═══ EXTRACTED RECORDS ═══
lemma v0_zero: "E \<in> pairsK K \<Longrightarrow> E \<notin> S \<Longrightarrow> v0 E = 0"
  using d_zero_off_S by (simp add: v0_def)

lemma \<phi>_pos: assumes "l < K" shows "0 < \<phi> l"
proof -
  have "0 < (\<Sum>j<K. d l j)" using rows assms by simp
  then obtain q where q: "q \<in> {..<K}" "0 < d l q" by (rule sum_pos_obtain)
  show ?thesis unfolding \<phi>_def
    using q \<psi>pos nn assms by (intro sum_pos2[of _ q]) (auto intro!: mult_nonneg_nonneg simp: order_less_imp_le)
qed

lemma \<phi>_snd_pos: "E \<in> pairsK K \<Longrightarrow> 0 < \<phi> (snd E)"
  using \<phi>_pos by (simp add: pairsK_iff)

lemma M_nonneg: "E' \<in> pairsK K \<Longrightarrow> E \<in> pairsK K \<Longrightarrow> 0 \<le> M E' E"
  using nn V_pos by (simp add: M_def Bmat_def pairsK_iff order_less_imp_le)

lemma M_nonneg_on_S: "\<forall>E\<in>S. \<forall>E'\<in>S. 0 \<le> M E' E"
  using M_nonneg S_pairs by blast

lemma vB_M: "vB K d w E * V E = (\<Sum>E'\<in>pairsK K. w E' * M E' E)"
  unfolding vB_def M_def by (simp add: sum_distrib_right mult.assoc)

text \<open>\<open>v0 B = r d_(kl) t_k\<close>: the left eigenvector equation of \<open>A^(2)\<close> lifted to pairs.\<close>
lemma v0_vB: assumes "E \<in> pairsK K" shows "vB K d v0 E = r * d (fst E) (snd E) * t (fst E)"
proof -
  obtain k l where E: "E = (k, l)" by (cases E)
  have k: "k < K" using assms E by (simp add: pairsK_iff)
  have "vB K d v0 E = (\<Sum>i<K. \<Sum>j<K. d i j * (m1 i * m2 j) * t i * (d j k * d k l))"
    unfolding vB_def sum_pairsK Bmat_def v0_def V_def E by simp
  also have "\<dots> = d k l * (\<Sum>i<K. A2 K d m1 m2 i k * t i)"
    unfolding A2_def by (simp add: sum_distrib_left sum_distrib_right mult_ac)
  also have "\<dots> = d k l * (r * t k)" using teq k by simp
  finally show ?thesis by (simp add: E mult_ac)
qed

lemma vB_v0_pos: "E \<in> S \<Longrightarrow> 0 < vB K d v0 E"
  using v0_vB tpos rpos S_pairs by (auto simp: S_def pairsK_iff)

lemma v0_ratio: assumes "E \<in> S" shows "v0 E / vB K d v0 E = V E / r"
  using v0_vB[of E] assms S_pairs tpos rpos by (auto simp: S_def pairsK_iff v0_def)
definition phi :: real where "phi = Inf (h ` M1)"
definition phi1 :: real where "phi1 = Inf (h ` (M1 \<inter> K))"
definition phi2 :: real where "phi2 = Inf (h ` (Proj ` argmin_h (M2 \<inter> K)))"
definition phi3 :: real where "phi3 = Inf (h ` (Proj ` (M2 \<inter> K)))"
definition phi4 :: real where "phi4 = Inf (h ` (M1 \<inter> Proj ` K))"

end

theory Submission imports Defs begin

text \<open>
  Every probability under \<open>Pxi\<close> is one third of the area of an event inside \<open>\<Theta>\<close>, and all
  events that occur are, up to null lines, unions of trapezoids under straight lines.
  Without restriction, \<open>(0, 1)\<close> is feasible for \<open>M1\<close> since \<open>{\<xi>\<^sub>1 \<le> 0}\<close> has area 1.
  For a linear rule \<open>y\<^sub>2 = a\<xi>\<^sub>1\<close>, the almost-sure constraint of \<open>M1\<close> on both halves of \<open>\<Theta>\<close>
  forces \<open>a = 0\<close>, and then \<open>{\<xi>\<^sub>1 \<le> y\<^sub>1, \<xi>\<^sub>2 \<le> 0}\<close> has area \<open>y\<^sub>1\<close>, so \<open>y\<^sub>1 = 1\<close>.
  In \<open>M2\<close> only the event matters: for \<open>a < 0\<close> it has area at most 1/2, for \<open>a = 0\<close> area \<open>y\<^sub>1\<close>,
  and for \<open>a > 0\<close> it lies over \<open>[0, m]\<close> with \<open>m = min y\<^sub>1 (1/a)\<close> and has area \<open>m (am/2 + 1) \<le> 3m/2\<close>;
  area 1 thus forces \<open>y\<^sub>1 \<ge> 2/3\<close>, with equality only for \<open>a = 3/2\<close>. After clipping, a rule with
  \<open>-1 \<le> a \<le> 0\<close> yields an event of area at most \<open>1/2 + y\<^sub>1\<close> and one with \<open>a > 0\<close> area at most \<open>2y\<^sub>1\<close>,
  whence \<open>y\<^sub>1 \<ge> 1/2\<close>, attained by \<open>a = -1\<close>.
\<close>

definition trapezoid :: "real \<Rightarrow> real \<Rightarrow> real \<Rightarrow> real \<Rightarrow> real \<Rightarrow> (real \<times> real) set" where
  "trapezoid l u c a b = {p. l \<le> fst p \<and> fst p \<le> u \<and> c \<le> snd p \<and> snd p \<le> a * fst p + b}"

lemma sets_borel_pairI:
  assumes "Measurable.pred (borel \<Otimes>\<^sub>M borel) P"
  shows "{p::real \<times> real. P p} \<in> sets borel"
  using assms by (simp add: pred_def space_pair_measure borel_prod)

lemma trapezoid_sets [measurable, simp]: "trapezoid l u c a b \<in> sets borel"
  unfolding trapezoid_def by (rule sets_borel_pairI) measurable

lemma emeasure_trapezoid:
  fixes l u c a b :: real
  assumes "l \<le> u" and above: "\<And>x. l \<le> x \<Longrightarrow> x \<le> u \<Longrightarrow> c \<le> a * x + b"
  shows "emeasure lborel (trapezoid l u c a b) = ennreal ((u - l) * (a * (u + l) / 2 + b - c))"
proof -
  let ?T = "trapezoid l u c a b"
  have "emeasure lborel ?T = emeasure (lborel \<Otimes>\<^sub>M lborel) ?T"
    by (simp add: lborel_prod)
  also have "\<dots> = (\<integral>\<^sup>+x. emeasure lborel (Pair x -` ?T) \<partial>lborel)"
    by (rule lborel.emeasure_pair_measure_alt) (subst lborel_prod, simp)
  also have "\<dots> = (\<integral>\<^sup>+x. ennreal (indicator {l..u} x * (a * x + b - c)) \<partial>lborel)"
  proof (rule nn_integral_cong)
    fix x :: real
    show "emeasure lborel (Pair x -` ?T) = ennreal (indicator {l..u} x * (a * x + b - c))"
    proof (cases "l \<le> x \<and> x \<le> u")
      case True
      then have "Pair x -` ?T = {c..a * x + b}" by (auto simp: trapezoid_def)
      then show ?thesis using True above[of x] by (simp add: indicator_def)
    next
      case False
      then have "Pair x -` ?T = {}" by (auto simp: trapezoid_def)
      then show ?thesis using False by (auto simp: indicator_def)
    qed
  qed
  also have "\<dots> = ennreal ((u - l) * (a * (u + l) / 2 + b - c))"
  proof -
    have "\<And>x. ((\<lambda>x. a * x\<^sup>2 / 2 + (b - c) * x) has_vector_derivative (a * x + b - c)) (at x within {l..u})"
      by (auto intro!: derivative_eq_intros
          simp: has_real_derivative_iff_has_vector_derivative[symmetric] algebra_simps)
    then have "((\<lambda>x. a * x + b - c) has_integral
        ((a * u\<^sup>2 / 2 + (b - c) * u) - (a * l\<^sup>2 / 2 + (b - c) * l))) {l..u}"
      using \<open>l \<le> u\<close> by (intro fundamental_theorem_of_calculus) auto
    moreover have "(a * u\<^sup>2 / 2 + (b - c) * u) - (a * l\<^sup>2 / 2 + (b - c) * l)
        = (u - l) * (a * (u + l) / 2 + b - c)"
      by (simp add: power2_eq_square field_simps)
    ultimately have "((\<lambda>x. a * x + b - c) has_integral ((u - l) * (a * (u + l) / 2 + b - c))) {l..u}"
      by simp
    then show ?thesis
      using above by (subst nn_integral_has_integral_lebesgue) auto
  qed
  finally show ?thesis .
qed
═══
▶ **EXERCISE PROMPT**:
Using the entries above, work out how many lines contain the string "inter". Respond with that number alone.

▶ **ANSWER SECTION**:
4